---------- Entries provided
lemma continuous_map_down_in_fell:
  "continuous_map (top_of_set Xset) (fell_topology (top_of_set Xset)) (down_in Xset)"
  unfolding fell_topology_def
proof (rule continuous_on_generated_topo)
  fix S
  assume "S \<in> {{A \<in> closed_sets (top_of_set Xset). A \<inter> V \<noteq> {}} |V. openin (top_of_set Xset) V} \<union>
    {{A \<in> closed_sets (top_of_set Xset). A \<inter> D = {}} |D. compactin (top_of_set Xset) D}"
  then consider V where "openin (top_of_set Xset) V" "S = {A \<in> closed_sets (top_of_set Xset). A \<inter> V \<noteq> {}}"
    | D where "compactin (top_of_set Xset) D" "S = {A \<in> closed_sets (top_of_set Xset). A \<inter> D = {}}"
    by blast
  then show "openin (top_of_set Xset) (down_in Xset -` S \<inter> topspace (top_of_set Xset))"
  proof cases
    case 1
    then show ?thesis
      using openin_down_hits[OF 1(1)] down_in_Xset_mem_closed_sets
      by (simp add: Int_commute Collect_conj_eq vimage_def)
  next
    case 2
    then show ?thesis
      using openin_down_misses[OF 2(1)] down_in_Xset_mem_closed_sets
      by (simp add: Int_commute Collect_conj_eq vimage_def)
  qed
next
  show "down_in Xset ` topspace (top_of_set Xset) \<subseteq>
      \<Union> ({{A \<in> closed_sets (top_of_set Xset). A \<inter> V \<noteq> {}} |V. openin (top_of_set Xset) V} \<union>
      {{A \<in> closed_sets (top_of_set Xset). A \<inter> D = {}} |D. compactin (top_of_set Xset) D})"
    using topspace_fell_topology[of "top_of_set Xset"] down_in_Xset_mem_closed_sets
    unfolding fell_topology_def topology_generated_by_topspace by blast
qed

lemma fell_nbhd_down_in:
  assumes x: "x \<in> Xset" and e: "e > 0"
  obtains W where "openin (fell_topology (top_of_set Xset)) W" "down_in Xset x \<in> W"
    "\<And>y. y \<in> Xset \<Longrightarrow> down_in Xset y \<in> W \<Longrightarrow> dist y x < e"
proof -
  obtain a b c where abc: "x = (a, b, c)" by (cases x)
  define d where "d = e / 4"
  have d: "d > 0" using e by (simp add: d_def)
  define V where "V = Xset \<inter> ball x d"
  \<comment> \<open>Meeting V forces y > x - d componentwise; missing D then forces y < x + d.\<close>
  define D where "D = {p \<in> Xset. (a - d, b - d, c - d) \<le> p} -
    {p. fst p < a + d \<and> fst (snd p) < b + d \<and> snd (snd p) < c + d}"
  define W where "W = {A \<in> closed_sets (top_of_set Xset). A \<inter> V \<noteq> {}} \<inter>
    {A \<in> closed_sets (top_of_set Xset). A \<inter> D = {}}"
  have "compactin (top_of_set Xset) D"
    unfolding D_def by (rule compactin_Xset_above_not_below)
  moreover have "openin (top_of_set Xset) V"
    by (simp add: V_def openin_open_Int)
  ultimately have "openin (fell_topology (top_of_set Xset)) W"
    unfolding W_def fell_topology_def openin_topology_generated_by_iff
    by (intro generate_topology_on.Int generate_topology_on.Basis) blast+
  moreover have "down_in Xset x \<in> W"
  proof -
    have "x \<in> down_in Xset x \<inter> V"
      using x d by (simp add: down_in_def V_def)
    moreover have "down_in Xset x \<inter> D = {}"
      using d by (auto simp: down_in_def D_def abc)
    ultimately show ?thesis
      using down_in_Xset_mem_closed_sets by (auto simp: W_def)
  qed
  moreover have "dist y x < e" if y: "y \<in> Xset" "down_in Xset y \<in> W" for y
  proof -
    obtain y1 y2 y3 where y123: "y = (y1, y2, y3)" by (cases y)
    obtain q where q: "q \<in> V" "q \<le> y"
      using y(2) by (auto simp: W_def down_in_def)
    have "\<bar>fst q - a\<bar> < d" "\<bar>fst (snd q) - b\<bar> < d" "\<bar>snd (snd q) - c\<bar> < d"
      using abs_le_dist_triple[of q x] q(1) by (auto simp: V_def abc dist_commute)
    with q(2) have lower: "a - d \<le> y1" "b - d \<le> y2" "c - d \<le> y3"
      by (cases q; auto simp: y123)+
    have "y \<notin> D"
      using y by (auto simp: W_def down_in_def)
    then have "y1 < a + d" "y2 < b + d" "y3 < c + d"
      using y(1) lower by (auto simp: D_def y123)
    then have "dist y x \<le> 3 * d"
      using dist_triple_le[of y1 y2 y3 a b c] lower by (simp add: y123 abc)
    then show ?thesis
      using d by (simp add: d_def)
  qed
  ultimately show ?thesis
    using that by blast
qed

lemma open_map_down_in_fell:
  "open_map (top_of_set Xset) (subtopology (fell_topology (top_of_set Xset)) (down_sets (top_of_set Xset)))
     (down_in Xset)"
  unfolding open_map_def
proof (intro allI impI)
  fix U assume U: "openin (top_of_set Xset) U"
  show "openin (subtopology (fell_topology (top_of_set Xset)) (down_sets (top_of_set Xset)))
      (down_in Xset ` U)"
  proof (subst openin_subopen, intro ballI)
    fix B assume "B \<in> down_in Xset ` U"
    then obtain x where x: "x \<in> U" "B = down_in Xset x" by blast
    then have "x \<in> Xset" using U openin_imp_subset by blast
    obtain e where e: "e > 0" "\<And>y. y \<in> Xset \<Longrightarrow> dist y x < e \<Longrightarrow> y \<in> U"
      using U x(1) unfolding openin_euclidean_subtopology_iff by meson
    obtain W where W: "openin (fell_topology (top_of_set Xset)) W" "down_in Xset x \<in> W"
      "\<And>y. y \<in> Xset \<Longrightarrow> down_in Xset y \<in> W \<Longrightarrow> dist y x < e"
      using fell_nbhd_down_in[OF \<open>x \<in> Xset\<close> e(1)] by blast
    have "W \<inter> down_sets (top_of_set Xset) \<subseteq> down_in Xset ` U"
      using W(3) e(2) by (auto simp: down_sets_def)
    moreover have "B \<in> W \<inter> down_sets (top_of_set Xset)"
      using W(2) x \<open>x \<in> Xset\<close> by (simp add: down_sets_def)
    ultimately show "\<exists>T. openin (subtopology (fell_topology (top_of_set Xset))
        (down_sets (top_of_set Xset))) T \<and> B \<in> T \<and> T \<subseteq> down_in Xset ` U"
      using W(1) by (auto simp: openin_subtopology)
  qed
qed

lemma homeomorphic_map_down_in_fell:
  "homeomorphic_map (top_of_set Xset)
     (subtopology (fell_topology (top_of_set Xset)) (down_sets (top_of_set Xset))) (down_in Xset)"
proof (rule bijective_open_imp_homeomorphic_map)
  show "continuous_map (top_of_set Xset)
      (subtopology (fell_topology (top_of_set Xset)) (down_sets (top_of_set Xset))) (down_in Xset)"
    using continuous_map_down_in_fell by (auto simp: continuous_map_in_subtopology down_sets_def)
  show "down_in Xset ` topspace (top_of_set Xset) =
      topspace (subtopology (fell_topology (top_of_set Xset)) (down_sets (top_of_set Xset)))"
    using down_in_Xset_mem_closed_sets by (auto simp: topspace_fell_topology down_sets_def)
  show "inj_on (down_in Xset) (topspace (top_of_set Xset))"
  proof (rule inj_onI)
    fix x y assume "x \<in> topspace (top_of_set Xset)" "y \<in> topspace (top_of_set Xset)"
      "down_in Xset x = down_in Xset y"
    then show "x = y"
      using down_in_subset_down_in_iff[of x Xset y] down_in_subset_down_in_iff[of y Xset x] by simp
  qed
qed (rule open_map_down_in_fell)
--------------------
Exercise prompt:
Please transcribe only the lines in the records above running from the line that has "using d by (auto" through the line that has "q - a\<bar>", both included, exactly as they appear.

Task answer:
      using d by (auto simp: down_in_def D_def abc)
    ultimately show ?thesis
      using down_in_Xset_mem_closed_sets by (auto simp: W_def)
  qed
  moreover have "dist y x < e" if y: "y \<in> Xset" "down_in Xset y \<in> W" for y
  proof -
    obtain y1 y2 y3 where y123: "y = (y1, y2, y3)" by (cases y)
    obtain q where q: "q \<in> V" "q \<le> y"
      using y(2) by (auto simp: W_def down_in_def)
    have "\<bar>fst q - a\<bar> < d" "\<bar>fst (snd q) - b\<bar> < d" "\<bar>snd (snd q) - c\<bar> < d"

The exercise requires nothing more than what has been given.